По словам известного публициста того времени Гаккебуш-Горелова, в 1917 г. «мужик снял маску… “Богоносец” выявил свои политические идеалы: он не признает никакой власти, не желает платить податей и не согласен давать рекрутов. Остальное его не касается». Религиозный философ С. Франк находил, что: «Русская революция по своему основному, подземному социальному существу есть восстание крестьянства, победоносная и до конца осуществленная всероссийская пугачевщина начала XX века». Бунт вообще органически присущ русскому народу, полагал И. Бунин: «всякий русский бунт (и особенно теперешний) прежде всего, доказывает, до чего все старо на Руси и сколь она жаждет прежде всего бесформенности. Спокон веку были… бунтари против всех и вся…» «В стихии русской революции, – отмечал Н. Бердяев, – действуют такие же старые, реакционные силы, в ней шевелится древний хаос, лежавший под тонкими пластами русской цивилизации…»
После Февраля 1917 г. «масса… вообще никем не руководится… она живет своими законами и ощущениями, которые не укладываются ни в одну идеологию, ни в одну организацию, которые вообще против всякой идеологии и организации…», – замечал один из лидеров меньшевиков и главных военных комиссаров Временного правительства В. Станкевич. Другой член ЦК меньшевистской партии И. Майский вспоминал: «когда великий переворот 1917 г. (февральский) смел с лица земли старый режим, когда раздались оковы и народ почувствовал, что он свободен, что нет больше внешних преград, мешающих выявлению его воли и желаний, – он, это большое дитя, наивно решил, что настал великий момент осуществления тысячелетнего царства блаженства, которое должно ему принести не только частичное, но и полное освобождение».
Это освобождение, в представлениях крестьян, сводилось к обретению ими «Земли и Воли». Землю они уже взяли силой, а теперь стремились получить еще более долгожданную «волю». Правда, отмечал М. Покровский, «О “воле” в том смысле, как понимала это слово интеллигенция, крестьянство думало весьма мало – вызвав у одного наблюдателя горькое замечание, что девиз “земля и воля” можно было бы укоротить – только “земля”». Под интеллигентской волей Покровский понимал введение революционного самоуправления, примеров которого крестьянство не давало «ни одного». Однако крестьянство и не ставило цели какой-либо более высокой самоорганизации кроме общины, и понимало «волю» по-своему.
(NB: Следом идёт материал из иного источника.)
theorem mainTheorem6:
  fixes \<phi> :: "nat \<Rightarrow> 'd::finite config \<Rightarrow> bool"
    and m \<sigma> :: nat and L :: "nat \<Rightarrow> real^'d \<Rightarrow> real"
  assumes "m \<ge> 1"
    and "\<forall>k<m. nonconstant_map (\<phi> k) \<and> local_map (\<phi> k) \<and> monotone_map (\<phi> k)"
    and "\<sigma> \<ge> 2" and "linear_polar \<sigma> L"
    and "(\<Sum>s<\<sigma>. INF k\<in>{..<m}. edge_speed (\<phi> k) (L s)) > 0"
  shows "\<exists>\<sigma>' (L' :: nat \<Rightarrow> real^'d \<Rightarrow> real) (v :: real^'d).
           \<sigma>' \<ge> 2 \<and> linear_polar \<sigma>' L' \<and>
           (\<forall>s<\<sigma>'. \<forall>k<m. comp_edge_speed v (\<phi> k) (L' s) > 0)"
proof -
  define B where "B l = (INF k\<in>{..<m}. edge_speed (\<phi> k) l)" for l
  have nondeg: "\<forall>k<m. nondegenerate_map (\<phi> k)"
    using assms(2) by (blast intro: nondegenerate_mapI)
  have "positively_homogeneous B"
    unfolding B_def using assms(1) nondeg by (intro positively_homogeneous_INF_edge_speed) auto
  then obtain \<sigma>' L' v where L': "2 \<le> \<sigma>'" "linear_polar \<sigma>' L'" "\<forall>s<\<sigma>'. L' s v < B (L' s)"
    using linear_polar_strict_solution assms(4,5) unfolding B_def by blast
  have "0 < comp_edge_speed v (\<phi> k) (L' s)" if "s < \<sigma>'" "k < m" for s k
  proof -
    have "linear (L' s)" using L'(2) that(1) by (simp add: linear_polar_def)
    then have "comp_edge_speed v (\<phi> k) (L' s) = edge_speed (\<phi> k) (L' s) - L' s v"
      using nondeg that(2) by (simp add: comp_edge_speed_eq)
    moreover have "B (L' s) \<le> edge_speed (\<phi> k) (L' s)"
      unfolding B_def using that(2) by (intro cINF_lower) auto
    moreover have "L' s v < B (L' s)" using L'(3) that(1) by blast
    ultimately show ?thesis by linarith
  qed
  with L'(1,2) show ?thesis by blast
qed

end
(* Let $S$ be a monoid and $A$ an $S$-act. Then for every $n\in\mathbb N$ the $S$-act $A(n)$ is $n$-absolutely pure, and $A(\aleph_0)$ is absolutely pure. Further, $A$ is $n$-absolutely pure if and only if $A$ is a retract of $A(n)$, and $A$ is absolutely pure if and only if $A$ is a retract of $A(\aleph_0)$.
   Context: A (right) $S$-act is a set with an action $(a,s)\mapsto as$ with $a1=a$, $a(st)=(as)t$. Equations over $A$ have the forms $xs=yt$, $xs=xt$, $xs=a$ ($a\in A$); a set of them is consistent if it has a solution in some $S$-act containing $A$. $A$ is $n$-absolutely pure if every finite consistent set of equations over $A$ in at most $n$ variables has a solution in $A$; absolutely pure if this holds for all $n$; a retract of $B\supseteq A$ if some $S$-morphism $B\to A$ fixes $A$ pointwise. For a set $\Sigma$ of equations, $v(\Sigma)$ is the number of variables occurring, $H(\Sigma)=\{(xu,yv):xu=yv\in\Sigma\}$, $K(\Sigma)=\{(xs,a):xs=a\in\Sigma\}$. For any $S$-act $C$: let $\Theta(C,m)$ be all finite consistent sets $\Sigma$ over $C$ with $v(\Sigma)=m$, with variables chosen so that distinct sets (and distinct stages of the construction below) use pairwise disjoint, fresh variables; $\Omega_n$ is the set of variables of members of $\bigcup_{m\le n}\Theta(C,m)$, $\Omega_{\aleph_0}=\bigcup_n\Omega_n$; $C^n_1=(C\sqcup F_S(\Omega_n))/\kappa(n)$ where $\kappa(n)$ is generated by $\bigcup\{H(\Sigma)\cup K(\Sigma):\Sigma\in\Theta(C,m),m\le n\}$, and $C^{\aleph_0}_1$ is defined likewise using all $m$; $C$ embeds in these via $c\mapsto[c]$. Now set $A^n_0=A^{\aleph_0}_0=A$, $A^n_i=(A^n_{i-1})^n_1$ and $A^{\aleph_0}_i=(A^{\aleph_0}_{i-1})^{\aleph_0}_1$ for $i\ge1$, and $A(n)=\bigcup_{i}A^n_i$, $A(\aleph_0)=\bigcup_iA^{\aleph_0}_i$ (unions of chains of embeddings, so $A\subseteq A(n)$, $A\subseteq A(\aleph_0)$). *)

theory Defs
  imports Main "HOL-Library.FSet"
begin
lemma strongly_regularD:
  assumes "strongly_regular V E n k a c"
  shows "finite V" "card V = n"
    "\<And>u v. E u v \<Longrightarrow> u \<in> V" "\<And>u v. E u v \<Longrightarrow> v \<in> V" "\<And>u v. E u v \<Longrightarrow> E v u" "\<And>u. \<not> E u u"
    "\<And>v. v \<in> V \<Longrightarrow> card (nbrs E v) = k"
    "\<And>u v. u \<in> V \<Longrightarrow> v \<in> V \<Longrightarrow> E u v \<Longrightarrow> card (nbrs E u \<inter> nbrs E v) = a"
    "\<And>u v. u \<in> V \<Longrightarrow> v \<in> V \<Longrightarrow> u \<noteq> v \<Longrightarrow> \<not> E u v \<Longrightarrow> card (nbrs E u \<inter> nbrs E v) = c"
  using assms unfolding strongly_regular_def simple_graph_def by blast+

lemma strongly_regular_simple_graph: "strongly_regular V E n k a c \<Longrightarrow> simple_graph V E"
  unfolding strongly_regular_def by blast

lemma adj_entries_sums_eq_card_nbrs:
  fixes M :: "'b::comm_semiring_1 mat"
  assumes G: "simple_graph V E" and xs: "distinct xs" "set xs = V" "length xs = n"
    and M: "\<And>i j. i < n \<Longrightarrow> j < n \<Longrightarrow> M $$ (i,j) = (if E (xs!i) (xs!j) then 1 else 0)"
  shows "\<And>i. i < n \<Longrightarrow> (\<Sum>j = 0..<n. M $$ (i,j)) = of_nat (card (nbrs E (xs!i)))"
    "\<And>i j. i < n \<Longrightarrow> j < n \<Longrightarrow> (\<Sum>l = 0..<n. M $$ (i,l) * M $$ (l,j))
       = of_nat (card (nbrs E (xs!i) \<inter> nbrs E (xs!j)))"
proof -
  have in_V: "\<And>u w. E u w \<Longrightarrow> w \<in> V" and sym: "\<And>u w. E u w \<Longrightarrow> E w u"
    using G unfolding simple_graph_def by auto
  have reindex: "(\<Sum>j = 0..<n. h (xs ! j)) = (\<Sum>u\<in>V. h u)" for h :: "'a \<Rightarrow> 'b"
    using sum_nth_distinct[OF xs(1)] xs(2,3) by simp
  have count: "(\<Sum>u\<in>V. if P u then (1::'b) else 0) = of_nat (card {u\<in>V. P u})" for P
    using G unfolding simple_graph_def by (simp add: sum.inter_filter[symmetric])
  show "(\<Sum>j = 0..<n. M $$ (i,j)) = of_nat (card (nbrs E (xs!i)))" if i: "i < n" for i
  proof -
    have "(\<Sum>j = 0..<n. M $$ (i,j)) = (\<Sum>j = 0..<n. (\<lambda>u. if E (xs!i) u then 1 else 0) (xs!j))"
      using M i by (intro sum.cong) auto
    also have "\<dots> = (\<Sum>u\<in>V. if E (xs!i) u then 1 else 0)" by (rule reindex)
    also have "\<dots> = of_nat (card {u\<in>V. E (xs!i) u})" by (rule count)
    also have "{u\<in>V. E (xs!i) u} = nbrs E (xs!i)" using in_V unfolding nbrs_def by blast
    finally show ?thesis .
  qed
  show "(\<Sum>l = 0..<n. M $$ (i,l) * M $$ (l,j)) = of_nat (card (nbrs E (xs!i) \<inter> nbrs E (xs!j)))"
    if i: "i < n" and j: "j < n" for i j
  proof -
    have "(\<Sum>l = 0..<n. M $$ (i,l) * M $$ (l,j))
        = (\<Sum>l = 0..<n. (\<lambda>u. if E (xs!i) u \<and> E u (xs!j) then 1 else 0) (xs!l))"
      using M i j by (intro sum.cong) auto
    also have "\<dots> = (\<Sum>u\<in>V. if E (xs!i) u \<and> E u (xs!j) then 1 else 0)" by (rule reindex)
    also have "\<dots> = of_nat (card {u\<in>V. E (xs!i) u \<and> E u (xs!j)})" by (rule count)
    also have "{u\<in>V. E (xs!i) u \<and> E u (xs!j)} = nbrs E (xs!i) \<inter> nbrs E (xs!j)"
      using in_V sym unfolding nbrs_def by blast
    finally show ?thesis .
  qed
qed

lemma strongly_regular_adj_entries:
  fixes M :: "'b::comm_ring_1 mat"
  assumes srg: "strongly_regular V E n k a c" and xs: "distinct xs" "set xs = V"
    and M: "\<And>i j. i < n \<Longrightarrow> j < n \<Longrightarrow> M $$ (i,j) = (if E (xs!i) (xs!j) then 1 else 0)"
  shows "\<And>i. i < n \<Longrightarrow> M $$ (i,i) = 0"
    "\<And>i. i < n \<Longrightarrow> (\<Sum>j = 0..<n. M $$ (i,j)) = of_nat k"
    "\<And>j. j < n \<Longrightarrow> (\<Sum>i = 0..<n. M $$ (i,j)) = of_nat k"
    "\<And>i j. i < n \<Longrightarrow> j < n \<Longrightarrow> (\<Sum>l = 0..<n. M $$ (i,l) * M $$ (l,j))
       = (of_nat a - of_nat c) * M $$ (i,j) + (if i = j then of_nat k - of_nat c else 0) + of_nat c"
proof -
  note F = strongly_regularD[OF srg]
  note G = strongly_regular_simple_graph[OF srg]
  have len: "length xs = n" using xs F(2) distinct_card by fastforce
  have row_card: "(\<Sum>j = 0..<n. M $$ (i,j)) = of_nat (card (nbrs E (xs!i)))" if "i < n" for i
    using M that by (rule adj_entries_sums_eq_card_nbrs(1)[OF G xs len])
  have square_card: "(\<Sum>l = 0..<n. M $$ (i,l) * M $$ (l,j))
      = of_nat (card (nbrs E (xs!i) \<inter> nbrs E (xs!j)))" if "i < n" "j < n" for i j
    using M that by (rule adj_entries_sums_eq_card_nbrs(2)[OF G xs len])
  have xsV: "xs ! i \<in> V" if "i < n" for i using xs len that by auto
  show diag: "M $$ (i,i) = 0" if "i < n" for i using M that F(6) by simp
  show row: "(\<Sum>j = 0..<n. M $$ (i,j)) = of_nat k" if i: "i < n" for i
    using row_card[OF i] F(7)[OF xsV[OF i]] by simp
  show "(\<Sum>i = 0..<n. M $$ (i,j)) = of_nat k" if j: "j < n" for j
  proof -
    have "(\<Sum>i = 0..<n. M $$ (i,j)) = (\<Sum>i = 0..<n. M $$ (j,i))"
      using M j F(5) by (intro sum.cong) auto
    then show ?thesis using row[OF j] by simp
  qed
  fix i j assume i: "i < n" and j: "j < n"
  show "(\<Sum>l = 0..<n. M $$ (i,l) * M $$ (l,j))
       = (of_nat a - of_nat c) * M $$ (i,j) + (if i = j then of_nat k - of_nat c else 0) + of_nat c"
  proof (cases "i = j")
    case True
    then show ?thesis using square_card[OF i j] F(7)[OF xsV[OF i]] diag[OF i] by simp
  next
    case False
    then have "xs!i \<noteq> xs!j" using xs(1) len i j nth_eq_iff_index_eq by metis
    then show ?thesis using square_card[OF i j] F(8,9)[OF xsV[OF i] xsV[OF j]] M i j False by auto
  qed
qed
Наивно было бы ожидать, тем более во время войны и революции, от полуграмотной и веками забитой крестьянской массы установления, каких-то западных форм самоуправления. До того забитой, что неспособность к самоорганизации писатели и философы считали органической, характерной чертой русского народа. Например: М. Горький писал в ноябре 1917 г.: «Русский народ – в силу условий своего исторического развития – огромное дряблое тело, лишенное вкуса к государственному строительству и почти недоступное влиянию идей, способных облагородить волевые акты…». И. Бунин в 1916 г.: ««Мирские устои», «хоровое начало»… и т. д. Все подлые фразы! Откуда-то создалось совершенно неверное представление об организаторских способностях русского народа. А между тем нигде в мире нет такой безорганизации! Такой другой страны нет на земном шаре!»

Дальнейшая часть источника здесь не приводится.